(Given records begins)

(* Let $p$ be an odd prime, $r=(p-1)/2$, $\zeta_p=e^{2\pi i/p}$, $\varepsilon=(-1)^{(p-1)/2}$, and let $Q$ be either $Q_1(x)=x^2/p$ or $Q_2(x)=cx^2/p$ with $c$ a fixed quadratic non-residue mod $p$; let $B(x,y)=Q(x+y)-Q(x)-Q(y)$ and $G_Q=\sum_{x\in\mathbb{Z}/p\mathbb{Z}}e^{2\pi iQ(x)}$. Define $(r+1)\times(r+1)$ matrices indexed by $0\le j,k\le r$: $T=\operatorname{diag}(\theta_0,\dots,\theta_r)$ with $\theta_j=e^{2\pi iQ(j)}$, and $S$ with $S_{j0}=1/G_Q$ for all $j$, $S_{0k}=2/G_Q$ for $1\le k\le r$, and $S_{jk}=\frac{1}{G_Q}\left(e^{-2\pi iB(j,k)}+e^{2\pi iB(j,k)}\right)$ for $1\le j,k\le r$. Let $\xi:\mathrm{SL}_2(\mathbb{F}_p)\to\mathrm{GL}_{r+1}(\mathbb{Q}(\zeta_p))$ be the representation with $\xi(\mathfrak{s})=S$, $\xi(\mathfrak{t})=T$, where $\mathfrak{s}=\begin{pmatrix}0&-1\\1&0\end{pmatrix}$, $\mathfrak{t}=\begin{pmatrix}1&1\\0&1\end{pmatrix}$. Let $\gamma$ be a generator of the cyclic group $\mathrm{Gal}(\mathbb{Q}(\zeta_p)/\mathbb{Q})$, let $\tau=\gamma^2$, and let $V_Q$ be the Vandermonde matrix with $(j,k)$ entry $\theta_j^{\,k}$ ($0\le j,k\le r$). Then $\tau$ permutes $\{\theta_0,\dots,\theta_r\}$ fixing $\theta_0=1$, so there is a unique permutation matrix $P$ with $\tau(V_Q)=P\,V_Q$; and for every $g\in\mathrm{SL}_2(\mathbb{F}_p)$ one has $\tau(\xi(g))=P\,\xi(g)\,P^{-1}$.
   Context: For $\alpha\in\mathrm{Gal}(\mathbb{Q}(\zeta_p)/\mathbb{Q})$ and a matrix $M$ with entries in $\mathbb{Q}(\zeta_p)$, $\alpha(M)$ denotes the matrix obtained by applying $\alpha$ to each entry. The matrices $S,T$ are the matrices of the Weil representation attached to $Q$ restricted to the subspace of even functions $\mathbb{Z}/p\mathbb{Z}\to\mathbb{C}$, in the basis $\delta_0,\ \delta_1+\delta_{p-1},\dots,\delta_r+\delta_{r+1}$; $\xi$ is the principal series Weil representation of dimension $(p+1)/2$ ($\xi_1$ for $Q_1$, $\xi_2$ for $Q_2$). One has $G_{Q}=\pm\sqrt{\varepsilon p}$, where $\sqrt{\varepsilon p}=\sum_x \zeta_p^{x^2}$. *)

theory Defs
  imports "HOL-Number_Theory.Number_Theory" "Jordan_Normal_Form.Matrix"
begin

definition e :: "real \<Rightarrow> complex" where
  "e x = exp (2 * of_real pi * \<i> * of_real x)"

definition zeta :: "nat \<Rightarrow> complex" where
  "zeta p = e (1 / real p)"

(* Q(x) = c x^2 / p ; c = 1 gives Q_1, c a non-residue gives Q_2 *)
definition Qf :: "nat \<Rightarrow> int \<Rightarrow> int \<Rightarrow> real" where
  "Qf p c x = real_of_int (c * x^2) / real p"

definition Bf :: "nat \<Rightarrow> int \<Rightarrow> int \<Rightarrow> int \<Rightarrow> real" where
  "Bf p c x y = Qf p c (x + y) - Qf p c x - Qf p c y"

definition gauss :: "nat \<Rightarrow> int \<Rightarrow> complex" where
  "gauss p c = (\<Sum>x\<in>{0..<int p}. e (Qf p c x))"

definition theta :: "nat \<Rightarrow> int \<Rightarrow> nat \<Rightarrow> complex" where
  "theta p c j = e (Qf p c (int j))"

definition Tmat :: "nat \<Rightarrow> int \<Rightarrow> complex mat" where
  "Tmat p c = (let r = (p - 1) div 2 in
     mat (r + 1) (r + 1) (\<lambda>(j, k). if j = k then theta p c j else 0))"

definition Smat :: "nat \<Rightarrow> int \<Rightarrow> complex mat" where
  "Smat p c = (let r = (p - 1) div 2; G = gauss p c in
     mat (r + 1) (r + 1) (\<lambda>(j, k).
       if k = 0 then 1 / G
       else if j = 0 then 2 / G
       else (e (- Bf p c (int j) (int k)) + e (Bf p c (int j) (int k))) / G))"

definition Vmat :: "nat \<Rightarrow> int \<Rightarrow> complex mat" where
  "Vmat p c = (let r = (p - 1) div 2 in
     mat (r + 1) (r + 1) (\<lambda>(j, k). theta p c j ^ k))"

(* SL_2(F_p): 2x2 matrices (a,b,c,d) = [[a,b],[c,d]] with entries in {0..p-1}, det = 1 mod p *)
definition SL2 :: "nat \<Rightarrow> (int \<times> int \<times> int \<times> int) set" where
  "SL2 p = {(a, b, c, d). a \<in> {0..<int p} \<and> b \<in> {0..<int p} \<and> c \<in> {0..<int p}
              \<and> d \<in> {0..<int p} \<and> (a * d - b * c) mod int p = 1}"

definition SL2_mult :: "nat \<Rightarrow> (int \<times> int \<times> int \<times> int) \<Rightarrow> (int \<times> int \<times> int \<times> int)
                         \<Rightarrow> (int \<times> int \<times> int \<times> int)" where
  "SL2_mult p g h = (case g of (a, b, c, d) \<Rightarrow> case h of (a', b', c', d') \<Rightarrow>
     ((a * a' + b * c') mod int p, (a * b' + b * d') mod int p,
      (c * a' + d * c') mod int p, (c * b' + d * d') mod int p))"

definition s_gen :: "nat \<Rightarrow> int \<times> int \<times> int \<times> int" where
  "s_gen p = (0, int p - 1, 1, 0)"

definition t_gen :: "nat \<Rightarrow> int \<times> int \<times> int \<times> int" where
  "t_gen p = (1, 1, 0, 1)"

definition cyc_field :: "nat \<Rightarrow> complex set" where
  "cyc_field p = \<Inter>{F. zeta p \<in> F \<and> 0 \<in> F \<and> 1 \<in> F \<and>
      (\<forall>x\<in>F. \<forall>y\<in>F. x + y \<in> F \<and> x * y \<in> F \<and> - x \<in> F \<and> (x \<noteq> 0 \<longrightarrow> inverse x \<in> F))}"

(* Gal(Q(zeta_p)/Q): field automorphisms of Q(zeta_p) (extended by the identity outside,
   so that each automorphism is represented by a unique function complex => complex).
   Every field automorphism fixes Q pointwise. *)
definition gal :: "nat \<Rightarrow> (complex \<Rightarrow> complex) set" where
  "gal p = {\<sigma>. bij_betw \<sigma> (cyc_field p) (cyc_field p) \<and> \<sigma> 1 = 1 \<and>
      (\<forall>x\<in>cyc_field p. \<forall>y\<in>cyc_field p. \<sigma> (x + y) = \<sigma> x + \<sigma> y \<and> \<sigma> (x * y) = \<sigma> x * \<sigma> y) \<and>
      (\<forall>x. x \<notin> cyc_field p \<longrightarrow> \<sigma> x = x)}"

definition is_gal_generator :: "nat \<Rightarrow> (complex \<Rightarrow> complex) \<Rightarrow> bool" where
  "is_gal_generator p \<gamma> \<longleftrightarrow> \<gamma> \<in> gal p \<and> (\<forall>\<sigma>\<in>gal p. \<exists>n. \<sigma> = \<gamma> ^^ n)"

(Given records ends)

▶ Problem details
Produce the number of lines in the data containing the string "times", with nothing added.

▶ Task response
6